- WHAT THE TASK REQUIRES
For every line in the data below that contains "finite", copy the line.

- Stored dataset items
------------------------------------------------
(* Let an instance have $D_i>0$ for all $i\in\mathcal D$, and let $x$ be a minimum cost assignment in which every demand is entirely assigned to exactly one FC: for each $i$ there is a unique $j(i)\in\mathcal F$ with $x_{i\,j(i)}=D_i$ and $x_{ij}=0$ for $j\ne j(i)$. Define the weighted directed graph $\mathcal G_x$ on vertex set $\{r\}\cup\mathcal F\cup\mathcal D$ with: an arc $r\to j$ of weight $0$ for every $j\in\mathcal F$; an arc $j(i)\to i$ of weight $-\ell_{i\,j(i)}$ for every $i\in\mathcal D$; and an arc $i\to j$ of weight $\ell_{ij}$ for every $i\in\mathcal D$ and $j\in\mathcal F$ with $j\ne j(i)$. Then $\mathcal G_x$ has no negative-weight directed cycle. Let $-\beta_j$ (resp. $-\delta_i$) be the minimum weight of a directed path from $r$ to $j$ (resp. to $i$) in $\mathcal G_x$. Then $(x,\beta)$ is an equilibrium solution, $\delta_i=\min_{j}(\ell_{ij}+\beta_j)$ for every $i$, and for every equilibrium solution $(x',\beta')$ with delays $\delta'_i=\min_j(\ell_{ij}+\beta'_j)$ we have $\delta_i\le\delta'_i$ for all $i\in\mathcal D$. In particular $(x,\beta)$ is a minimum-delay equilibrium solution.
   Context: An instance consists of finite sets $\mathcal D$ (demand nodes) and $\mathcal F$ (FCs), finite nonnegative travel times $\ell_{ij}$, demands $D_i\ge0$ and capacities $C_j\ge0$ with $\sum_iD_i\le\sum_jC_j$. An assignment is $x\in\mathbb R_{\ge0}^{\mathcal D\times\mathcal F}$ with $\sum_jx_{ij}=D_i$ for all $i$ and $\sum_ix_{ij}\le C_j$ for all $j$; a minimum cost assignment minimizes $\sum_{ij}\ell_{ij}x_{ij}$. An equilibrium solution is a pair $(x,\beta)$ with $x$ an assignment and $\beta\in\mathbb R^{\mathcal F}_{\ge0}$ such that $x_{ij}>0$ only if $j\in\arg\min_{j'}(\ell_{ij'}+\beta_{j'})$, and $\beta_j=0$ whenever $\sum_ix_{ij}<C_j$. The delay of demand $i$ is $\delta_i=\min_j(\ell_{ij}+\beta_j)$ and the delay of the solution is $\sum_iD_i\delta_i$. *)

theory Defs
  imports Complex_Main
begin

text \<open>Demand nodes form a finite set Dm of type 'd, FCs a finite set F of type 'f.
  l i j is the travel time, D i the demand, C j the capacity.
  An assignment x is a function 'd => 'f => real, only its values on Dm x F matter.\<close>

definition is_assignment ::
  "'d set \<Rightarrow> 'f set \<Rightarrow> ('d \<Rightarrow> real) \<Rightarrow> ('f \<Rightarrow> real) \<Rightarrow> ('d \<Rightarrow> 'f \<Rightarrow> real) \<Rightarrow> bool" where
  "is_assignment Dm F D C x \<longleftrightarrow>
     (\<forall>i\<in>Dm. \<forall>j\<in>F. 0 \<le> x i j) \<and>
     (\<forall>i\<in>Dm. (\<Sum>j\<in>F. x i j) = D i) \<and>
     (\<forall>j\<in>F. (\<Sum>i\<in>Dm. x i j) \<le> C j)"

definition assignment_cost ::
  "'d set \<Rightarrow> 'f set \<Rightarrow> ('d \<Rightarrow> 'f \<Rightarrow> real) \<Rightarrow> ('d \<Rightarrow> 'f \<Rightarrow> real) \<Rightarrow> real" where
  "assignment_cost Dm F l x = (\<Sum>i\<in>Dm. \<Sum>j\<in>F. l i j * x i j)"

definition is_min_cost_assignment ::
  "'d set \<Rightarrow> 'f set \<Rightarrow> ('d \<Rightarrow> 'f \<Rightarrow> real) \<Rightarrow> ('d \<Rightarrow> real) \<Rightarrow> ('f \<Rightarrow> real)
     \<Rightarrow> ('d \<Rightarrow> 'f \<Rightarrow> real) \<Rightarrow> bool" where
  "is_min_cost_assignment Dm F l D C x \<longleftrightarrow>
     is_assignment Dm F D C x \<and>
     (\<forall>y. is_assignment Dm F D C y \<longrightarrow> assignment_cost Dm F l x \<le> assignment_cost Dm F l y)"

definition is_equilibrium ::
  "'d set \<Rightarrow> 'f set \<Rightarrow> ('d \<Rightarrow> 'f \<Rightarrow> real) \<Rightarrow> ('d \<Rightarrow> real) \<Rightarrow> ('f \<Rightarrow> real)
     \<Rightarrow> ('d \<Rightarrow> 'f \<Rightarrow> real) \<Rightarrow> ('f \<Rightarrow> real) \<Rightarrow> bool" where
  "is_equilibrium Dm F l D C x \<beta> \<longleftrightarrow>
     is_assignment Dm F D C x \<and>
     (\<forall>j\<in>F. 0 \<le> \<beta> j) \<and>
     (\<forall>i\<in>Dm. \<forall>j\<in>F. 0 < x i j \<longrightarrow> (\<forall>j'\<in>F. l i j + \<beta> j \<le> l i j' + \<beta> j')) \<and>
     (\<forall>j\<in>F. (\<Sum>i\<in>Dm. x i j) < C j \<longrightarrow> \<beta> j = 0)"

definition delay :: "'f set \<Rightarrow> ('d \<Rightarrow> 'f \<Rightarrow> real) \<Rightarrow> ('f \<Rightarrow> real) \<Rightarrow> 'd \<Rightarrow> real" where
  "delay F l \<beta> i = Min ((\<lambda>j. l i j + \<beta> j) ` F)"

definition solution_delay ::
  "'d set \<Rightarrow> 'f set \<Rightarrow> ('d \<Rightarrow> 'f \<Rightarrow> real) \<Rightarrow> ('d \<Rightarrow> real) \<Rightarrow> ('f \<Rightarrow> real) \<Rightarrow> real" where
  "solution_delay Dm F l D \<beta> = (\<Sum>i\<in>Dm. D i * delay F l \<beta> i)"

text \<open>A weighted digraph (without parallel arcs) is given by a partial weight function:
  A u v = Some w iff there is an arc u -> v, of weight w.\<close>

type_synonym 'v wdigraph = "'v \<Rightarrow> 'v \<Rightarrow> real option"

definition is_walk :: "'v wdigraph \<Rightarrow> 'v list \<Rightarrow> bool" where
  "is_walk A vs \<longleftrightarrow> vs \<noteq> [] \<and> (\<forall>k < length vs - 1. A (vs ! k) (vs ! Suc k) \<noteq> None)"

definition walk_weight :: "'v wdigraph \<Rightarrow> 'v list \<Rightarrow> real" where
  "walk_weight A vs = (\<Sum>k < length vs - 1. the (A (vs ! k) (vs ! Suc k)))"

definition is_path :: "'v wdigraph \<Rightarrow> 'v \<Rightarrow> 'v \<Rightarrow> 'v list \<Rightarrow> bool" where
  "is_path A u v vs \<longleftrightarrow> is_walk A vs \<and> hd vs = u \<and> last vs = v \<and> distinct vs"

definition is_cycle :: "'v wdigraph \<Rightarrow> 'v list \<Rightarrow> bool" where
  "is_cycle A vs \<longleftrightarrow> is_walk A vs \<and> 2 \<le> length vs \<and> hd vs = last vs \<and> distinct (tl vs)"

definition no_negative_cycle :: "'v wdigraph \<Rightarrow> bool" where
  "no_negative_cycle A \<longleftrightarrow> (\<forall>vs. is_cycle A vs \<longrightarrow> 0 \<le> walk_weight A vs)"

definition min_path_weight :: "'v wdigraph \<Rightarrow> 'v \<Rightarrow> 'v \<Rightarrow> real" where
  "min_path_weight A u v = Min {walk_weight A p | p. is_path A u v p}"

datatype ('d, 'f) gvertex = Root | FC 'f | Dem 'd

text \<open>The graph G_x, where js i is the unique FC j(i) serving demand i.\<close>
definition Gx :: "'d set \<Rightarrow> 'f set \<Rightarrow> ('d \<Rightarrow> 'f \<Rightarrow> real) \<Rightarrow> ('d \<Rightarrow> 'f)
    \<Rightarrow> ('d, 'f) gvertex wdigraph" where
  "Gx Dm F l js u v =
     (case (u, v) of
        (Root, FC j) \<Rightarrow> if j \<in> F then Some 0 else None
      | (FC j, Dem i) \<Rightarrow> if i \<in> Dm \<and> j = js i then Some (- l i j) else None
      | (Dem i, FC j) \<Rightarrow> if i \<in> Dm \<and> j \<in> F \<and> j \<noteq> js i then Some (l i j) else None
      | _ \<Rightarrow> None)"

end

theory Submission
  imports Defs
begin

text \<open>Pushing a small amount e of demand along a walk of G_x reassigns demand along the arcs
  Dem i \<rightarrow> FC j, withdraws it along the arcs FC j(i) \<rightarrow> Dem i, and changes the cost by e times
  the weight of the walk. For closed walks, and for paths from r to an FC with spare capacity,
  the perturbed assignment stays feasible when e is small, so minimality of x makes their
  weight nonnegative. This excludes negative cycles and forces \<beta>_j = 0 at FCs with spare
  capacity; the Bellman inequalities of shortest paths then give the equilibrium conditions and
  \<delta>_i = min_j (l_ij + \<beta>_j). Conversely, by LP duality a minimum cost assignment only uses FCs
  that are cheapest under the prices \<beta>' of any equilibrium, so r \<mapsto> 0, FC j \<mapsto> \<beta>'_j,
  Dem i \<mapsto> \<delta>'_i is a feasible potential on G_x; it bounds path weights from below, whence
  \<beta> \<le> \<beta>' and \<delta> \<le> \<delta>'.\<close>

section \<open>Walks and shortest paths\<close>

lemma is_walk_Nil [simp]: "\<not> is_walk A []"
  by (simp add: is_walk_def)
------------------------------------------------
- WORKED SOLUTION
   Context: An instance consists of finite sets $\mathcal D$ (demand nodes) and $\mathcal F$ (FCs), finite nonnegative travel times $\ell_{ij}$, demands $D_i\ge0$ and capacities $C_j\ge0$ with $\sum_iD_i\le\sum_jC_j$. An assignment is $x\in\mathbb R_{\ge0}^{\mathcal D\times\mathcal F}$ with $\sum_jx_{ij}=D_i$ for all $i$ and $\sum_ix_{ij}\le C_j$ for all $j$; a minimum cost assignment minimizes $\sum_{ij}\ell_{ij}x_{ij}$. An equilibrium solution is a pair $(x,\beta)$ with $x$ an assignment and $\beta\in\mathbb R^{\mathcal F}_{\ge0}$ such that $x_{ij}>0$ only if $j\in\arg\min_{j'}(\ell_{ij'}+\beta_{j'})$, and $\beta_j=0$ whenever $\sum_ix_{ij}<C_j$. The delay of demand $i$ is $\delta_i=\min_j(\ell_{ij}+\beta_j)$ and the delay of the solution is $\sum_iD_i\delta_i$. *)
text \<open>Demand nodes form a finite set Dm of type 'd, FCs a finite set F of type 'f.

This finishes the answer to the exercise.